Si buscas un proyecto de tejer a mano que sea acogedor, práctico y perfecto para el invierno, una manta de lana gruesa es la opción ideal. No solo te mantendrá abrigado durante las noches frías, sino que también puedes personalizarla con colores y diseños que combinen con la decoración de tu hogar.
En este tutorial, te guiaremos paso a paso para crear una manta de lana gruesa desde cero. No importa si eres principiante o tienes experiencia, este proyecto es sencillo y el resultado será una pieza única y llena de calidez. ¡Vamos a empezar!
Material necesario
- Lana gruesa: Necesitarás aproximadamente entre 800 y 1200 gramos de lana de grosor bulky (grueso). Puedes elegir el color o combinación de colores que prefieras. La lana de oveja o mezcla de lana con acrílico es una buena opción por su suavidad y resistencia.
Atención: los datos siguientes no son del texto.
definition unitary1 :: "gate1 \<Rightarrow> bool" where
  "unitary1 g \<longleftrightarrow> mmult1 g (adj1 g) = pauli1 0"

definition pauli_group1 :: "gate1 set" where
  "pauli_group1 = {(\<lambda>a b. c * pauli1 j a b) | c j. c \<in> {1, -1, \<i>, - \<i>} \<and> j < 4}"

definition clifford1 :: "gate1 \<Rightarrow> bool" where
  "clifford1 g \<longleftrightarrow> unitary1 g \<and>
     (\<forall>P\<in>pauli_group1. mmult1 (mmult1 g P) (adj1 g) \<in> pauli_group1)"

definition circuit :: "nat \<Rightarrow> (nat \<Rightarrow> gate1) \<Rightarrow> state \<Rightarrow> state" where
  "circuit n g \<psi> = (\<lambda>x. if x \<subseteq> {0..<n}
       then \<Sum>y\<in>Pow {0..<n}. (\<Prod>i<n. g i (i \<in> x) (i \<in> y)) * \<psi> y else 0)"

definition one_local_clifford :: "nat \<Rightarrow> (nat \<Rightarrow> gate1) \<Rightarrow> bool" where
  "one_local_clifford n g \<longleftrightarrow> (\<forall>i<n. clifford1 (g i))"

definition logical_operator :: "nat \<Rightarrow> nat set set \<Rightarrow> nat set set \<Rightarrow> (state \<Rightarrow> state) \<Rightarrow> bool" where
  "logical_operator n A B G \<longleftrightarrow> G ` codespace n A B \<subseteq> codespace n A B"

definition num_logical :: "nat \<Rightarrow> nat set set \<Rightarrow> nat set set \<Rightarrow> nat" where
  "num_logical n A B = n - dimF2 A - dimF2 B"

(* logical X_j = X^(u j), logical Z_j = Z^(v j), j < k *)
definition css_logicals :: "nat \<Rightarrow> nat set set \<Rightarrow> nat set set \<Rightarrow> (nat \<Rightarrow> nat set) \<Rightarrow> (nat \<Rightarrow> nat set) \<Rightarrow> bool" where
  "css_logicals n A B u v \<longleftrightarrow> (let k = num_logical n A B in
     (\<forall>j<k. u j \<subseteq> {0..<n} \<and> v j \<subseteq> {0..<n} \<and>
        (\<forall>b\<in>B. even (card (u j \<inter> b))) \<and> (\<forall>a\<in>A. even (card (v j \<inter> a)))) \<and>
     (\<forall>i<k. \<forall>j<k. odd (card (v i \<inter> u j)) \<longleftrightarrow> i = j))"

definition lpauli1 :: "nat set \<Rightarrow> nat set \<Rightarrow> nat \<Rightarrow> state \<Rightarrow> state" where
  "lpauli1 a b c \<psi> = (if c = 1 then Xop a \<psi>
      else if c = 2 then (\<lambda>x. \<i> * Xop a (Zop b \<psi>) x)
      else if c = 3 then Zop b \<psi> else \<psi>)"

(* logical version of the Pauli string s (s j \<in> {0,1,2,3} for I,X,Y,Z on logical qubit j) *)
fun lpauli :: "(nat \<Rightarrow> nat set) \<Rightarrow> (nat \<Rightarrow> nat set) \<Rightarrow> (nat \<Rightarrow> nat) \<Rightarrow> nat \<Rightarrow> state \<Rightarrow> state" where
  "lpauli u v s 0 = id"
| "lpauli u v s (Suc j) = lpauli u v s j \<circ> lpauli1 (u j) (v j) (s j)"

(* a k-qubit matrix: entries indexed by basis strings (subsets of {0..<k}) *)
type_synonym mat = "nat set \<Rightarrow> nat set \<Rightarrow> complex"

definition pauli_strings :: "nat \<Rightarrow> (nat \<Rightarrow> nat) set" where
  "pauli_strings k = PiE {0..<k} (\<lambda>_. {0..<4})"

definition pstr :: "nat \<Rightarrow> (nat \<Rightarrow> nat) \<Rightarrow> mat" where
  "pstr k s = (\<lambda>x y. \<Prod>j<k. pauli1 (s j) (j \<in> x) (j \<in> y))"

(* coefficient alpha_s = tr(W_s^dagger W) / 2^k *)
definition pcoef :: "nat \<Rightarrow> mat \<Rightarrow> (nat \<Rightarrow> nat) \<Rightarrow> complex" where
  "pcoef k W s = (\<Sum>x\<in>Pow {0..<k}. \<Sum>y\<in>Pow {0..<k}. cnj (pstr k s x y) * W x y) / 2 ^ k"

definition has_logical_action ::
  "nat \<Rightarrow> nat set set \<Rightarrow> nat set set \<Rightarrow> (nat \<Rightarrow> nat set) \<Rightarrow> (nat \<Rightarrow> nat set)
     \<Rightarrow> (state \<Rightarrow> state) \<Rightarrow> mat \<Rightarrow> bool" where
  "has_logical_action n A B u v G W \<longleftrightarrow> (let k = num_logical n A B in
     \<forall>\<psi>\<in>codespace n A B.
       G \<psi> = (\<lambda>x. \<Sum>s\<in>pauli_strings k. pcoef k W s * lpauli u v s k \<psi> x))"

(* the k-qubit operator acting as the p-qubit matrix U on each ordered tuple t of I
   (qubit m of U acts on logical qubit t!m) and as the identity elsewhere *)
definition tuple_pos :: "nat list \<Rightarrow> nat set \<Rightarrow> nat set" where
  "tuple_pos t x = {m. m < length t \<and> t ! m \<in> x}"

definition on_tuples :: "nat list set \<Rightarrow> mat \<Rightarrow> mat" where
  "on_tuples I U = (\<lambda>x y. (\<Prod>t\<in>I. U (tuple_pos t x) (tuple_pos t y)) *
      (if x - \<Union>(set ` I) = y - \<Union>(set ` I) then 1 else 0))"

definition partially_addressable ::
  "nat \<Rightarrow> nat set set \<Rightarrow> nat set set \<Rightarrow> (nat \<Rightarrow> nat set) \<Rightarrow> (nat \<Rightarrow> nat set) \<Rightarrow> nat \<Rightarrow> mat \<Rightarrow> bool" where
  "partially_addressable n A B u v p U \<longleftrightarrow> (let k = num_logical n A B in
     \<exists>I g. I \<noteq> {} \<and>
       (\<forall>t\<in>I. length t = p \<and> distinct t \<and> set t \<subseteq> {0..<k}) \<and>
       (\<forall>t\<in>I. \<forall>t'\<in>I. t \<noteq> t' \<longrightarrow> set t \<inter> set t' = {}) \<and>
       \<Union>(set ` I) \<noteq> {0..<k} \<and>
       one_local_clifford n g \<and>
       logical_operator n A B (circuit n g) \<and>
       has_logical_action n A B u v (circuit n g) (on_tuples I U))"

definition Hgate1 :: gate1 where
  "Hgate1 = (\<lambda>a b. (if a \<and> b then -1 else 1) / complex_of_real (sqrt 2))"

definition Pgate1 :: gate1 where
  "Pgate1 = (\<lambda>a b. if a = b then (if a then \<i> else 1) else 0)"

definition as_mat1 :: "gate1 \<Rightarrow> mat" where
  "as_mat1 g = (\<lambda>x y. g (0 \<in> x) (0 \<in> y))"

definition gate_H :: mat where "gate_H = as_mat1 Hgate1"
definition gate_PH :: mat where "gate_PH = as_mat1 (mmult1 Pgate1 Hgate1)"
definition gate_HP :: mat where "gate_HP = as_mat1 (mmult1 Hgate1 Pgate1)"

(* CNOT with control qubit 0 and target qubit 1 *)
definition gate_CNOT :: mat where
  "gate_CNOT = (\<lambda>x y. if x = (if 0 \<in> y then sdiff y {1} else y) then 1 else 0)"

end

theory Submission
  imports Defs
begin

text \<open>
  A 1-local Clifford circuit conjugates \<open>X\<close> and \<open>Z\<close> on qubit \<open>i\<close> to distinct Paulis
  \<open>P_{px i}\<close> and \<open>P_{pz i}\<close>. If the circuit is a logical operator it maps stabilizers to
  stabilizers, and it follows that \<open>A\<close> and \<open>B\<close> are both closed under intersection with the set
  of aligned qubits, those where the image of \<open>X\<close> has an \<open>X\<close>-component and the image of \<open>Z\<close> a
  \<open>Z\<close>-component. For a non-splitting code, therefore, either no qubit or every qubit is aligned.
  A partially addressing circuit leaves some logical qubit untouched and so commutes with its
  logical \<open>X\<close> and \<open>Z\<close>; without aligned qubits this would put the logical \<open>X\<close> into \<open>B\<close> and the
  logical \<open>Z\<close> into \<open>A\<close>. With all qubits aligned, the circuit maps \<open>X\<close>-type operators to
  \<open>X\<close>-type and \<open>Z\<close>-type to \<open>Z\<close>-type ones up to stabilizers, so acting as \<open>H\<close> or \<open>PH\<close> (logical
  \<open>X\<close> to logical \<open>Z\<close>), as \<open>HP\<close> (logical \<open>Z\<close> to logical \<open>X\<close>) or as \<open>CNOT\<close> (logical \<open>X\<^sub>c\<close> to
  \<open>X\<^sub>c X\<^sub>t\<close>) on a tuple would put a logical \<open>X\<close> into \<open>A\<close> or a logical \<open>Z\<close> into \<open>B\<close>.
\<close>

lemma sdiff_iff [simp]: "i \<in> sdiff a b \<longleftrightarrow> (i \<in> a) \<noteq> (i \<in> b)"
  by (auto simp: sdiff_def)

lemma sdiff_commute: "sdiff a b = sdiff b a"
  by auto

lemma sdiff_self [simp]: "sdiff a a = {}"
  and sdiff_empty [simp]: "sdiff a {} = a" "sdiff {} a = a"
  and sdiff_cancel [simp]: "sdiff a (sdiff a b) = b" "sdiff (sdiff b a) a = b"
  and sdiff_eq_empty_iff [simp]: "sdiff a b = {} \<longleftrightarrow> a = b"
  by auto

lemma sdiff_subsetI: "a \<subseteq> S \<Longrightarrow> b \<subseteq> S \<Longrightarrow> sdiff a b \<subseteq> S"
  by auto

lemma finite_sdiff [simp]: "finite a \<Longrightarrow> finite b \<Longrightarrow> finite (sdiff a b)"
  by (simp add: sdiff_def)

lemma inj_on_sdiff: "inj_on (sdiff a) X"
  by (rule inj_onI) (metis sdiff_cancel(1))

lemma even_card_sdiff:
  assumes "finite P" "finite Q"
  shows "even (card (sdiff P Q)) \<longleftrightarrow> (even (card P) \<longleftrightarrow> even (card Q))"
proof -
  have "card (sdiff P Q) + 2 * card (P \<inter> Q) = card P + card Q"
  proof -
    have "card (sdiff P Q) = card (P - Q) + card (Q - P)"
      using assms unfolding sdiff_def by (intro card_Un_disjoint) auto
    moreover have "card (P - Q) + card (P \<inter> Q) = card P" "card (Q - P) + card (P \<inter> Q) = card Q"
      using assms by (metis card_Diff_subset_Int card_mono finite_Int inf_le1 inf_commute
          le_add_diff_inverse2)+
    ultimately show ?thesis by linarith
  qed
  then show ?thesis
    by (metis even_add even_mult_iff even_numeral)
qed

lemma even_card_sdiff_Int:
  assumes "finite P" "finite Q"
  shows "even (card (r \<inter> sdiff P Q)) \<longleftrightarrow> (even (card (r \<inter> P)) \<longleftrightarrow> even (card (r \<inter> Q)))"
proof -
  have "r \<inter> sdiff P Q = sdiff (r \<inter> P) (r \<inter> Q)"
    by auto
  then show ?thesis
    using assms by (simp add: even_card_sdiff)
qed

lemma minus_one_power_card_sdiff_Int:
  assumes "finite P" "finite Q"
  shows "(-1::'a::ring_1) ^ card (sdiff P Q \<inter> r) = (-1) ^ card (P \<inter> r) * (-1) ^ card (Q \<inter> r)"
  using even_card_sdiff_Int[OF assms, of r]
  by (cases "even (card (P \<inter> r))"; cases "even (card (Q \<inter> r))") (simp_all add: inf_commute)

section \<open>Subspaces of \<open>F\<^sub>2\<^sup>n\<close>\<close>

lemma f2_subspace_subset: "f2_subspace n X \<Longrightarrow> x \<in> X \<Longrightarrow> x \<subseteq> {0..<n}"
  and f2_subspace_empty: "f2_subspace n X \<Longrightarrow> {} \<in> X"
  and f2_subspace_sdiff: "f2_subspace n X \<Longrightarrow> x \<in> X \<Longrightarrow> y \<in> X \<Longrightarrow> sdiff x y \<in> X"
  by (auto simp: f2_subspace_def)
- Agujas de tejer: Usa agujas de tejer de tamaño 8 mm a 10 mm. El tamaño dependerá del grosor de la lana y de la tensión que prefieras en tu tejido. Para lana gruesa, las agujas de 10 mm suelen funcionar bien.
- Tijeras: Para cortar los hilos al terminar el proyecto.
- Cinta métrica: Para medir el largo y ancho de la manta (opcional, si quieres ajustar las medidas).
- Marcadores de punto: Opcionales, pero útiles para marcar el inicio de una vuelta o sección en patrones complejos.
- Agulla de lana: Para coser los bordes y rematar los hilos.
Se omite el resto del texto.